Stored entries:

· · · · · · ·

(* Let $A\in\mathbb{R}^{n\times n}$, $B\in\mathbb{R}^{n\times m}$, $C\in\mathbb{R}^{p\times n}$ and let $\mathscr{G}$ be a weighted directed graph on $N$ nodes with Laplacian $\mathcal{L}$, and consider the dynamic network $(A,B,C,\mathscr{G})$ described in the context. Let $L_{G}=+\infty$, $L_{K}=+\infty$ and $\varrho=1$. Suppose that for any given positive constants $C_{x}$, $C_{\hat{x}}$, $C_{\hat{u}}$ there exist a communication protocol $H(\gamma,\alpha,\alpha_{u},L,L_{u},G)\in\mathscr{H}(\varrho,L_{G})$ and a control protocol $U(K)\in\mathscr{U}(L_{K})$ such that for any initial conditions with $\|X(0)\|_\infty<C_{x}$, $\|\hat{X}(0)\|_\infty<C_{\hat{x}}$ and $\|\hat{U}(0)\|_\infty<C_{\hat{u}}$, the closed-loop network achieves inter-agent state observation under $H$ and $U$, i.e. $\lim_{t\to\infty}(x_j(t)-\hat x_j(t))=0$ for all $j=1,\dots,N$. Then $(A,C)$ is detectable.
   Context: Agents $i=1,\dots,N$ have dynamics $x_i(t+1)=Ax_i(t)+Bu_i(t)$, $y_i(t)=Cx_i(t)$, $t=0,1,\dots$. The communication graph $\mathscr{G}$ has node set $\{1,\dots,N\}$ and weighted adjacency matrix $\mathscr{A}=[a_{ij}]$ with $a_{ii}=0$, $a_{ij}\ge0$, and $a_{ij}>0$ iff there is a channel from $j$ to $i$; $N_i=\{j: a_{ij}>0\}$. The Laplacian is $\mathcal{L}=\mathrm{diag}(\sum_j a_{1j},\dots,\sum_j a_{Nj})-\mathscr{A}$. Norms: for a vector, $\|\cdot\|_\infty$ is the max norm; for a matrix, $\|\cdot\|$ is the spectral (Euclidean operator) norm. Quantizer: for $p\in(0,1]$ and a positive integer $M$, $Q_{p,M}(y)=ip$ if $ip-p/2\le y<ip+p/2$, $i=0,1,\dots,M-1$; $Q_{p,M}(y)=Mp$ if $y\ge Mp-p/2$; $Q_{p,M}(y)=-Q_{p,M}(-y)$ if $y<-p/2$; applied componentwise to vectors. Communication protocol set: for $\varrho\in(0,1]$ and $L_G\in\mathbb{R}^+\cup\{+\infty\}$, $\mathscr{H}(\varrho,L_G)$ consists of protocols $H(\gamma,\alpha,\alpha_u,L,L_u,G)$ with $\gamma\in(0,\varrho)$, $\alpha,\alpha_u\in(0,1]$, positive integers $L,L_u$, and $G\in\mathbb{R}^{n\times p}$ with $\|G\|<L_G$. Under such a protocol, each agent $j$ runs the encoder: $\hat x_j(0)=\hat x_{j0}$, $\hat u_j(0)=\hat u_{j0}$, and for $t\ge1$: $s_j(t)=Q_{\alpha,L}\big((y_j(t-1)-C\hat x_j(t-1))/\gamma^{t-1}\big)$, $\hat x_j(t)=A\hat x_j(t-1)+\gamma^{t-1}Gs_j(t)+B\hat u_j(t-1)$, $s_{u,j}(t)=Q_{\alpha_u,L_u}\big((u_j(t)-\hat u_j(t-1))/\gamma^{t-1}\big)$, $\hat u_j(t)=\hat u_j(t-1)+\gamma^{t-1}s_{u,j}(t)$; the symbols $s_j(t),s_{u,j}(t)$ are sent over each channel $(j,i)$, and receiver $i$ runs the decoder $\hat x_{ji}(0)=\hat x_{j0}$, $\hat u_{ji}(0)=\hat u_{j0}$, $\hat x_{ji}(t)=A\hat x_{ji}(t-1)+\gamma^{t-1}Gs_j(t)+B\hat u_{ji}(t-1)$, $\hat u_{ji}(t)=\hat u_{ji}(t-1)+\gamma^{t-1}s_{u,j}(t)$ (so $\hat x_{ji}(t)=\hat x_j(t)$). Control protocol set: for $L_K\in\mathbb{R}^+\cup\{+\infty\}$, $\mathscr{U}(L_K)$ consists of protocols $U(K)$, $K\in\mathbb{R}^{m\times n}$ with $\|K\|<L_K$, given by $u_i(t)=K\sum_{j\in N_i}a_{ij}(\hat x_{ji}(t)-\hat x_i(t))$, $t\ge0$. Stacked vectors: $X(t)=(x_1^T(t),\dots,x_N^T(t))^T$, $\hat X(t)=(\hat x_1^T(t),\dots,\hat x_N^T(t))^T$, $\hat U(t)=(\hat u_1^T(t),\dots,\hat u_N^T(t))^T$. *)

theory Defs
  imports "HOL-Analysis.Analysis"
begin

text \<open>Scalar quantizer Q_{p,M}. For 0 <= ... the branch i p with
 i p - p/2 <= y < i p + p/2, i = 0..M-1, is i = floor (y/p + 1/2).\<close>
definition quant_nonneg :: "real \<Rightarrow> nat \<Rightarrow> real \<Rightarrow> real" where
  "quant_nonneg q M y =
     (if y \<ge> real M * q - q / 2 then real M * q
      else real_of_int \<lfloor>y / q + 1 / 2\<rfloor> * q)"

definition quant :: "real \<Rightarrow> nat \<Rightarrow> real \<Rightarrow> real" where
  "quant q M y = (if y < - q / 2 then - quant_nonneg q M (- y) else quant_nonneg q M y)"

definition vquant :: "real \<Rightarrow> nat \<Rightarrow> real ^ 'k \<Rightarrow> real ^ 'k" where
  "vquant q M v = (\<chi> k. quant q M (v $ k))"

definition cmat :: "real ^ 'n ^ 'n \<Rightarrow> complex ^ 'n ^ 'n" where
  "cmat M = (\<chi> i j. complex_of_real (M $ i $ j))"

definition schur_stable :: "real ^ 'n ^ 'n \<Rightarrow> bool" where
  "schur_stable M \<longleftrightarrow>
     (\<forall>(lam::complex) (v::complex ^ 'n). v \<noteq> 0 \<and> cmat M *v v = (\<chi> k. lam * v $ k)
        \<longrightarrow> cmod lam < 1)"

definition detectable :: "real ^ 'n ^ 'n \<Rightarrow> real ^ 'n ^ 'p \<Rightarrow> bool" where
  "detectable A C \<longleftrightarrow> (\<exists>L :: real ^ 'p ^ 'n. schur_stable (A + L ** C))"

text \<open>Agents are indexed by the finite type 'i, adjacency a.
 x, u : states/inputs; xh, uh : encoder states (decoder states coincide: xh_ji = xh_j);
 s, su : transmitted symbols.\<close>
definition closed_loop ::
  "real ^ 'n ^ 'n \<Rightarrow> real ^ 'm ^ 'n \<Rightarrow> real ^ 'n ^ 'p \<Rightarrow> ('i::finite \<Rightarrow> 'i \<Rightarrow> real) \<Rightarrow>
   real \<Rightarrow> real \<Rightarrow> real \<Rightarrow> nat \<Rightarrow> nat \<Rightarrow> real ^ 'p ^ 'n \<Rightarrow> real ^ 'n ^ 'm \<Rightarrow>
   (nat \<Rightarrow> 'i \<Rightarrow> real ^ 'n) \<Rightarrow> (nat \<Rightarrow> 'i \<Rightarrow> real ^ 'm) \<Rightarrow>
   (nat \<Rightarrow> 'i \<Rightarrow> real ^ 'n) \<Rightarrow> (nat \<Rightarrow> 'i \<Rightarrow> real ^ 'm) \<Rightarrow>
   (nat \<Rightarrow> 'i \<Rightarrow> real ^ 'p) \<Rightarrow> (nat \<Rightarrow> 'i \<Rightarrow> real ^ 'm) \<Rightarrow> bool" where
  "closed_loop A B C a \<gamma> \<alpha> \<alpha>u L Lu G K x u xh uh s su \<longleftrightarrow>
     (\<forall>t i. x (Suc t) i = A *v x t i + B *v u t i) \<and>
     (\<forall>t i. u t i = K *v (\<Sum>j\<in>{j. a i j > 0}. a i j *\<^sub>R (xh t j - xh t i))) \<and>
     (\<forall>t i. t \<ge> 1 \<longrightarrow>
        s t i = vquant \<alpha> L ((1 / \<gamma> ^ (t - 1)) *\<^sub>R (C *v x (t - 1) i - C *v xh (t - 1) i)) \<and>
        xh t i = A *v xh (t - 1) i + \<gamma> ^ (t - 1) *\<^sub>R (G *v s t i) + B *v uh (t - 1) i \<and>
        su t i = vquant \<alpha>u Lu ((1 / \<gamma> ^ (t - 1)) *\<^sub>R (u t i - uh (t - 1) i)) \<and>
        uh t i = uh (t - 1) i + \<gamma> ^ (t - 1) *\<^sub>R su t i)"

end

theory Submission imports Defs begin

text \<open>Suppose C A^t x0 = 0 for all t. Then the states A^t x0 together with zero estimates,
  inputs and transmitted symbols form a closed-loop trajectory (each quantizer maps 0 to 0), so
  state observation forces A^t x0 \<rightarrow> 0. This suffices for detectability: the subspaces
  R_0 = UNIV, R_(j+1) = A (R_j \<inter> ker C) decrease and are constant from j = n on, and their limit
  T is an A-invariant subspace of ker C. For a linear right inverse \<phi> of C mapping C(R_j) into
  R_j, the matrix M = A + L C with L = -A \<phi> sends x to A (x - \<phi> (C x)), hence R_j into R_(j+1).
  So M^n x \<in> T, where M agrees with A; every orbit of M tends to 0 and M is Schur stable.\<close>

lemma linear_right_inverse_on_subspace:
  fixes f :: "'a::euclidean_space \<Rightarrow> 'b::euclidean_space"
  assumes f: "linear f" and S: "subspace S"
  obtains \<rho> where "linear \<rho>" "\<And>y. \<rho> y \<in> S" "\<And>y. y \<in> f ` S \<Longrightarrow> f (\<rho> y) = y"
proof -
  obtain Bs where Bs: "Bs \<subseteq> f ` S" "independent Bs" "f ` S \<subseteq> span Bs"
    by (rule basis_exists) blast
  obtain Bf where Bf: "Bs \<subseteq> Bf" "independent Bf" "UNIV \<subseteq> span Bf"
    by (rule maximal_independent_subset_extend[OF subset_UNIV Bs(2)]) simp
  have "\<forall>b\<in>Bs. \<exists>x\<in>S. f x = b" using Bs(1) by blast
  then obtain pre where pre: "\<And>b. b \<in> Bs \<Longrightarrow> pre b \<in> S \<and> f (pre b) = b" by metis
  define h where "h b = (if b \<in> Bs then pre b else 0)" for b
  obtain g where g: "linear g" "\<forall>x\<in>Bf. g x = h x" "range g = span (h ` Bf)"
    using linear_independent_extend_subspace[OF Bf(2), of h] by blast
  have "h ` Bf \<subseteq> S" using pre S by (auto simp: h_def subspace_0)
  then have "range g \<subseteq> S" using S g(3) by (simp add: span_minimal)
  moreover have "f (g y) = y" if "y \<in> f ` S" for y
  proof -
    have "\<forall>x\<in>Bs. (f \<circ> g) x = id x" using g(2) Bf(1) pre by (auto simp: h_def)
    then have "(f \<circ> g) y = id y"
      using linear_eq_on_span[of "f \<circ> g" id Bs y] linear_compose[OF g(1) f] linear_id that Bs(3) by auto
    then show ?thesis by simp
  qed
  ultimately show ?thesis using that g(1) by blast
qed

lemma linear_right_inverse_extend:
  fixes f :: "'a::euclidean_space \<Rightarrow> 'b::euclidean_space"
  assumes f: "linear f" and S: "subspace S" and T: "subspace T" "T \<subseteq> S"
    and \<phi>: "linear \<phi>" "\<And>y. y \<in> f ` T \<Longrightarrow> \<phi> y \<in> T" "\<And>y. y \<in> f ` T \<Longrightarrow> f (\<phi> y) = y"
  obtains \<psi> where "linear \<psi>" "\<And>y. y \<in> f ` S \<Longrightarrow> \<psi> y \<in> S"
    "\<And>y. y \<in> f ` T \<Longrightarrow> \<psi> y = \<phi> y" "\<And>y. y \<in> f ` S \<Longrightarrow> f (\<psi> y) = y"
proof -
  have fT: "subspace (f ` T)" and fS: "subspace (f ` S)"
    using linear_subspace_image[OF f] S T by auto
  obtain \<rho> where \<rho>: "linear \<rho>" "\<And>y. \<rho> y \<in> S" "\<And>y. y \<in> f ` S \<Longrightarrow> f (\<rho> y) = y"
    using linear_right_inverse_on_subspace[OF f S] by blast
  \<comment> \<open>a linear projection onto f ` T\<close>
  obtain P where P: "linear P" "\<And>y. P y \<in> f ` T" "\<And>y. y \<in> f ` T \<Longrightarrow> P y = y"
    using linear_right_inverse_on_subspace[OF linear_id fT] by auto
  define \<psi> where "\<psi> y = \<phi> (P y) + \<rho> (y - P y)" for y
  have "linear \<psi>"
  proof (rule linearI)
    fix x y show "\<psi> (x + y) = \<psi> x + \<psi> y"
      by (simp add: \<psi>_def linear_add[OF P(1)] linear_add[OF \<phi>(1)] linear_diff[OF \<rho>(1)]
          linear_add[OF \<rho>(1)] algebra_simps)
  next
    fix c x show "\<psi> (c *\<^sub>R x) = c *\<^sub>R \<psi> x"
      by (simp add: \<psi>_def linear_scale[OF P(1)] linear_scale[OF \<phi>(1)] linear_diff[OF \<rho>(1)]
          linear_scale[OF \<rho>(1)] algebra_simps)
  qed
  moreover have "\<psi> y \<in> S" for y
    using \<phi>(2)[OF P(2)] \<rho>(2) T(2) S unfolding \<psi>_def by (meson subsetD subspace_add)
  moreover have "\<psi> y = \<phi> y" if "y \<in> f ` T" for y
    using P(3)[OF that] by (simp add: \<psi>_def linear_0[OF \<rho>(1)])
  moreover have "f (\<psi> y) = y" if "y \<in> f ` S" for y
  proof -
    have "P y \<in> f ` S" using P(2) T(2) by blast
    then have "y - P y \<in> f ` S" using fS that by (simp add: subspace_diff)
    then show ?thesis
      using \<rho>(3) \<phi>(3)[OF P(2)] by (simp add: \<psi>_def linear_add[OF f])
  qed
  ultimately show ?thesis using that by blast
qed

· · · · · · ·

- _ACTION ITEM_
Scanning the data above, copy out every line where "cmat" is found.

- _TASK RESULT_
definition cmat :: "real ^ 'n ^ 'n \<Rightarrow> complex ^ 'n ^ 'n" where
  "cmat M = (\<chi> i j. complex_of_real (M $ i $ j))"
     (\<forall>(lam::complex) (v::complex ^ 'n). v \<noteq> 0 \<and> cmat M *v v = (\<chi> k. lam * v $ k)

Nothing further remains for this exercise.